De leerlingen hebben allemaal gehoord van het milieu en het afvalprobleem. Maar toch vinden ze nieuw speelgoed vaak het leukst. Dit project daagt hen uit om anders te denken over spullen die stuk of oud zijn. Misschien kun je er wel iets nieuws van maken dat nog leuker is! In de eerste opdracht verzamelen de leerlingen kapot speelgoed. Geïnspireerd door de kleurrijke kunst van Joan Miró maken ze hier kunstwerken van en stellen deze tentoon. Daarna onderzoeken ze hoe je van het kapotte speelgoed en voorwerpen zoals kleerhangers iets nieuws kunt maken. Ook deze ontwerpen worden tentoongesteld. In de slotopdracht bekijken de leerlingen kunst van gerecyclede materialen, zoals de bewegende kunst van Tinguely en Calder. Van de onderdelen van hun kapotte speelgoed maken ze nu muziekinstrumenten. De filmpjes die ze hiervan maken, vormen de eindpresentatie.

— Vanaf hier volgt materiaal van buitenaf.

lemma mul3_tens3: "mul3 H (tens3 x y z) (tens3 x' y' z') = tens3 (mul H x x') (mul H y y') (mul H z z')"
proof (rule ext, rule ext, rule ext)
  fix k l r
  let ?d = "dim H"
  have "(\<Sum>i<?d. \<Sum>j<?d. \<Sum>t<?d. \<Sum>i'<?d. \<Sum>j'<?d. \<Sum>t'<?d.
          x i * y j * z t * (x' i' * y' j' * z' t') * mu H i i' k * mu H j j' l * mu H t t' r)
     = (\<Sum>i<?d. \<Sum>j<?d. \<Sum>t<?d. \<Sum>i'<?d. \<Sum>j'<?d. \<Sum>t'<?d.
          (x i * x' i' * mu H i i' k) * (y j * y' j' * mu H j j' l) * (z t * z' t' * mu H t t' r))"
    by (simp add: mult_ac)
  also have "\<dots> = (\<Sum>i<?d. \<Sum>i'<?d. x i * x' i' * mu H i i' k) * (\<Sum>j<?d. \<Sum>j'<?d. y j * y' j' * mu H j j' l)
       * (\<Sum>t<?d. \<Sum>t'<?d. z t * z' t' * mu H t t' r)"
    by (rule sum_product6)
  finally have "(\<Sum>i<?d. \<Sum>j<?d. \<Sum>t<?d. \<Sum>i'<?d. \<Sum>j'<?d. \<Sum>t'<?d.
          x i * y j * z t * (x' i' * y' j' * z' t') * mu H i i' k * mu H j j' l * mu H t t' r) =
      (\<Sum>i<?d. \<Sum>i'<?d. x i * x' i' * mu H i i' k) * (\<Sum>j<?d. \<Sum>j'<?d. y j * y' j' * mu H j j' l)
       * (\<Sum>t<?d. \<Sum>t'<?d. z t * z' t' * mu H t t' r)" .
  then show "mul3 H (tens3 x y z) (tens3 x' y' z') k l r = tens3 (mul H x x') (mul H y y') (mul H z z') k l r"
    by (simp add: mul3_def tens3_def mul_def)
qed
text \<open>Both claims are identities in a differential ring, independent of the structure of the
KP currents.  Write \<open>a\<^sub>t = a r\<close> with \<open>r = H~ - H\<close>.  Since \<open>a\<close> is invertible, \<open>a\<^sub>x / a\<close> is a
logarithmic derivative, and commuting \<open>\<partial>\<^sub>x\<close> with \<open>\<partial>\<^sub>t\<close> gives \<open>\<partial>\<^sub>t (a\<^sub>x / a) = \<partial>\<^sub>x r\<close>; hence
\<open>\<partial>\<^sub>t h~ = \<partial>\<^sub>x H + \<partial>\<^sub>x (H~ - H) = \<partial>\<^sub>x H~\<close>.  For the commutation, \<open>\<partial>\<^sub>j \<partial>\<^sub>k a = a (\<partial>\<^sub>j r\<^sub>k + r\<^sub>j r\<^sub>k)\<close>,
and \<open>\<partial>\<^sub>j r\<^sub>k = \<partial>\<^sub>k r\<^sub>j\<close> follows from the assumed symmetry of the currents, applied to the two
KP solutions \<open>h\<close> and \<open>h~\<close>.\<close>

notation fls_nth (infixl "$$" 75)

lemma derivation_add: "is_derivation D \<Longrightarrow> D (u + v) = D u + D v"
  unfolding is_derivation_def by blast

lemma derivation_mult: "is_derivation D \<Longrightarrow> D (u * v) = u * D v + D u * v"
  unfolding is_derivation_def by blast

lemma derivation_zero: "is_derivation D \<Longrightarrow> D 0 = 0"
  using derivation_add[of D 0 0] by simp

lemma derivation_one: "is_derivation D \<Longrightarrow> D 1 = 0"
  using derivation_mult[of D 1 1] by simp

lemma derivation_minus:
  assumes D: "is_derivation D"
  shows "D (- u) = - D u"
  using derivation_add[OF D, of "- u" u] derivation_zero[OF D] by (simp add: eq_neg_iff_add_eq_0)

lemma derivation_diff: "is_derivation D \<Longrightarrow> D (u - v) = D u - D v"
  by (simp only: derivation_add derivation_minus diff_conv_add_uminus)

lemma derivation_sum: "is_derivation D \<Longrightarrow> D (sum f A) = (\<Sum>i\<in>A. D (f i))"
  by (induction A rule: infinite_finite_induct) (simp_all add: derivation_zero derivation_add)

lemma fls_nth_cmap:
  assumes "D 0 = 0"
  shows "fls_cmap D f $$ n = D (f $$ n)"
  unfolding fls_cmap_def
proof (rule nth_Abs_fls)
  have "\<forall>\<^sub>\<infinity>n. f $$ (- int n) = 0" by simp
  then show "\<forall>\<^sub>\<infinity>n. D (f $$ (- int n)) = 0" by (rule MOST_mono) (simp add: assms)
qed

lemma fls_nth_cmap_derivation: "is_derivation D \<Longrightarrow> fls_cmap D f $$ n = D (f $$ n)"
  by (simp add: fls_nth_cmap derivation_zero)

lemma fls_times_nth_from_bounds:
  fixes f g :: "'r::comm_ring_1 fls"
  assumes "\<forall>k<m. f $$ k = 0" "\<forall>k<m'. g $$ k = 0"
  shows "(f * g) $$ n = (\<Sum>i=m..n-m'. f $$ i * g $$ (n - i))"
proof (cases "f = 0 \<or> g = 0")
  case True
  then show ?thesis by auto
next
  case False
  then have m: "m \<le> fls_subdegree f" and m': "m' \<le> fls_subdegree g"
    using assms by (auto intro: fls_subdegree_geI)
  have "(f * g) $$ n = (\<Sum>i=fls_subdegree f..n - fls_subdegree g. f $$ i * g $$ (n - i))"
    by (rule fls_times_nth(2))
  also have "\<dots> = (\<Sum>i=m..n-m'. f $$ i * g $$ (n - i))"
    using m m' by (intro sum.mono_neutral_left) (auto simp: nth_less_subdegree_zero)
  finally show ?thesis .
qed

Welkom! Je gaat in de klas werken met het lesmateriaal van Cultuuronderwijs op zijn Haags. Voor je aan de slag gaat leggen we je uit hoe je dit project tot een succes kunt maken.
Samen ontdekken Onze cultuurlessen zijn gebaseerd op de didactiek van procesmatig werken, de leerlingen doorlopen hierbij een creatief proces. Zij worden zich bewuster van zichzelf, hun omgeving en ontdekken op een speelse manier hun creatieve vermogen. Met als kern dat je als leerkracht samen met de leerlingen beleeft, beschouwt, verbeeldt, bedenkt en maakt.
Houdingsdoelen Bij de introductie, oriëntatie en opdrachten worden kennisdoelen en vaardigheidsdoelen benoemd. Onderstaande houdingsdoelen gelden in het algemeen:
De leerling toont zich nieuwsgierig en proactief.
De leerling kan positief-kritisch reflecteren op eigen werk en op dat van anderen.
Overleg en deel je plannen met de icc’er of je cultuurcoach.
Wij adviseren je het hele project van tevoren door te lezen om je goed voor te bereiden en de mogelijkheden te ontdekken die het project biedt.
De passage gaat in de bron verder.